RT-Thread Nano是RT-Thread的精简版,只有内核、shell(msh)、设备驱动三大功能,以Keil5的pack形式发布。RT-Thread Nano在保证了具备完整功能的RTOS实时内核的前提下实现了极小的FLASH和RAM占用,默认配置下,FLASH可小至2.5KB, RAM可以小至1KB,对于当今主流32位MCU/SoC来说,跑起来毫无压力。
下面就跟随小编一起,看看如何在机智云gokit智能硬件开发板上将RT-Thread Nano跑起来吧~
一、RT-Thread Nano Pack安装
1. 使用STM32CubeMX创建一个可以点亮板载LED的基本工程,参考:http://club.gizwits.com/thread-3859-1-1.html
2. 在MDK5主界面上点击“Pack Install”按钮,进入Pack Install界面:
3. 在Pack Install界面下,RT-Thread Pack在右边栏中。点击“Install”可下载,点击“Update”可更新。
4. 如果在上图界面“Packs”栏中未发现“RT-Thread”,通过两种方法获取RT-Thread Pack。
第一种方法是直接从http://www.rt-thread.org/downloa ... rtthread.2.1.1.pack下载2.1.1版本的的RT-Thread Pack,然后双击完成安装。

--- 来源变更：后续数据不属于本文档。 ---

(* For every oriented path $P$, $\mathrm{mad}_{\delta^+}(P)=|V(P)|-1$.
   Context: An oriented path is an orientation of an undirected path. A subdivision of a digraph $F$ is a digraph obtained from $F$ by replacing each arc $(x,y)$ by a directed path from $x$ to $y$ (internally disjoint, new internal vertices). For a digraph $F$, $\mathrm{mad}_{\delta^+}(F)$ is the least integer $c$ such that every digraph $D$ with minimum out-degree $\delta^+(D)\ge c$ contains a subdivision of $F$ as a subdigraph. *)

theory Defs
  imports Main
begin

definition digraph :: "'a set \<Rightarrow> ('a \<times> 'a) set \<Rightarrow> bool" where
  "digraph V A \<longleftrightarrow> finite V \<and> A \<subseteq> V \<times> V \<and> (\<forall>v. (v, v) \<notin> A)"

definition outdeg :: "('a \<times> 'a) set \<Rightarrow> 'a \<Rightarrow> nat" where
  "outdeg A v = card {w. (v, w) \<in> A}"

definition oriented_path :: "'a set \<Rightarrow> ('a \<times> 'a) set \<Rightarrow> bool" where
  "oriented_path V A \<longleftrightarrow> digraph V A \<and>
     (\<exists>vs. vs \<noteq> [] \<and> distinct vs \<and> set vs = V \<and>
        A \<subseteq> {(vs ! i, vs ! Suc i) | i. Suc i < length vs} \<union> {(vs ! Suc i, vs ! i) | i. Suc i < length vs} \<and>
        (\<forall>i. Suc i < length vs \<longrightarrow> ((vs ! i, vs ! Suc i) \<in> A \<longleftrightarrow> (vs ! Suc i, vs ! i) \<notin> A)))"

definition dipath :: "('a \<times> 'a) set \<Rightarrow> 'a list \<Rightarrow> bool" where
  "dipath A ps \<longleftrightarrow> 2 \<le> length ps \<and> distinct ps \<and>
     (\<forall>i. Suc i < length ps \<longrightarrow> (ps ! i, ps ! Suc i) \<in> A)"

definition inner :: "'a list \<Rightarrow> 'a list" where
  "inner ps = butlast (tl ps)"

definition contains_subdivision ::
  "'a set \<Rightarrow> ('a \<times> 'a) set \<Rightarrow> 'b set \<Rightarrow> ('b \<times> 'b) set \<Rightarrow> bool" where
  "contains_subdivision VF AF VD AD \<longleftrightarrow>
     (\<exists>(f :: 'a \<Rightarrow> 'b) (P :: 'a \<times> 'a \<Rightarrow> 'b list).
        inj_on f VF \<and> f ` VF \<subseteq> VD \<and>
        (\<forall>(x, y) \<in> AF. dipath AD (P (x, y)) \<and> hd (P (x, y)) = f x \<and> last (P (x, y)) = f y) \<and>
        (\<forall>e \<in> AF. set (inner (P e)) \<inter> f ` VF = {}) \<and>
        (\<forall>e \<in> AF. \<forall>e' \<in> AF. e \<noteq> e' \<longrightarrow> set (inner (P e)) \<inter> set (inner (P e')) = {}))"

text \<open>Host digraphs are taken on
  vertex type nat (every finite digraph is isomorphic to one on nat).\<close>
definition mad_outdeg :: "'a set \<Rightarrow> ('a \<times> 'a) set \<Rightarrow> nat" where
  "mad_outdeg VF AF = (LEAST c :: nat. \<forall>(VD :: nat set) AD.
       digraph VD AD \<and> VD \<noteq> {} \<and> (\<forall>v \<in> VD. c \<le> outdeg AD v) \<longrightarrow>
       contains_subdivision VF AF VD AD)"

end

theory Submission
  imports Defs
begin

text \<open>Let k = |V(P)| - 1. For the upper bound, pass to a terminal strong component S of the host
  digraph: it is strongly connected and every vertex keeps all its out-neighbours, at least k, in S.
  Embed P along its vertex list by induction on k, placing the last branch vertex at an arbitrary v
  in S. Every terminal strong component T of S - v loses at most one out-neighbour per vertex, so it
  hosts the first k - 1 edges by induction. If the last edge points towards v, pick T and its last
  branch vertex at the tail of an arc into v, which exists because S is strongly connected; if it
  points away from v, pick T reachable in S - v from an out-neighbour y of v and subdivide the edge
  by v followed by a shortest path from y into T. For the lower bound, the complete digraph on
  |V(P)| - 1 vertices has minimum out-degree |V(P)| - 2 and too few vertices.\<close>

definition out_closed :: "('b \<times> 'b) set \<Rightarrow> 'b set \<Rightarrow> 'b set \<Rightarrow> bool" where
  "out_closed E U T \<longleftrightarrow> T \<subseteq> U \<and> (\<forall>a\<in>T. \<forall>b\<in>U. (a, b) \<in> E \<longrightarrow> b \<in> T)"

第二种方法是在菜单“Packs”下点击“Check for Updates”,Update完成后,将可看到RT-Thread Pack,然后下载Pack再安装它。
二、kernel加载与应用
1. 在主界面点击“ManageRun-TimeEnvironment”进入加载页:
在“RTOS”一栏中选中“RT-Thread”,并在列表中选中“kernel”:
2. 确定后,RT-Thread的kernel文件会被自动添加进来:
Kernel文件包括:
clock.c
components.c
device.c
idle.c
ipc.c
irq.c
kservice.c
mem.c
object.c
scheduler.c
thread.c
timer.c
Cortex-M芯片内核移植代码:
cpuport.c
context_rvds.s
应用代码及配置文件:
board.c
rtconfig.h
三、修改源码适配机智云Gokit
1.需要做一些微小的修改才能在Gokit上跑起来:
1)修改Application/User分组下的stm32f1xx_it.c文件,删除如下3个函数:
void HardFault_Handler(void);
void PendSV_Handler(void);
void SysTick_Handler(void);
2)修改RTOS分组下的board.c上文件:
修改第24行为:
- #include "stm32f1xx_hal.h"
修改第66行:取消注释,并加入2行代码如下。
void SysTick_Handler(void)
{
/* enter interrupt */
rt_interrupt_enter();
HAL_IncTick();
HAL_SYSTICK_IRQHandler();
rt_tick_increase();
/* leave interrupt */
rt_interrupt_leave();
}
3)在rtconfig.h使能动态内存管理:
此外,第15行,修改RT_TICK_PER_SECOND为1000。
2. 修改main.c文件,屏蔽掉while(1)死循环,加入测试代码:
/**
****************************************************
* File Name : main.c
* Description : Main program body
****************************************************
** This notice applies to any and all portions of this file
* that are not between comment pairs USER CODE BEGIN and
* USER CODE END. Other portions of this file, whether
* inserted by the user or by software development tools
* are owned by their respective copyright owners.
*
* COPYRIGHT(c) 2017 STMicroelectronics
*
* Redistribution and use in source and binary forms, with or without modification,
* are permitted provided that the following conditions are met:
* 1. Redistributions of source code must retain the above copyright notice,
* this list of conditions and the following disclaimer.
* 2. Redistributions in binary form must reproduce the above copyright notice,
* this list of conditions and the following disclaimer in the documentation
* and/or other materials provided with the distribution.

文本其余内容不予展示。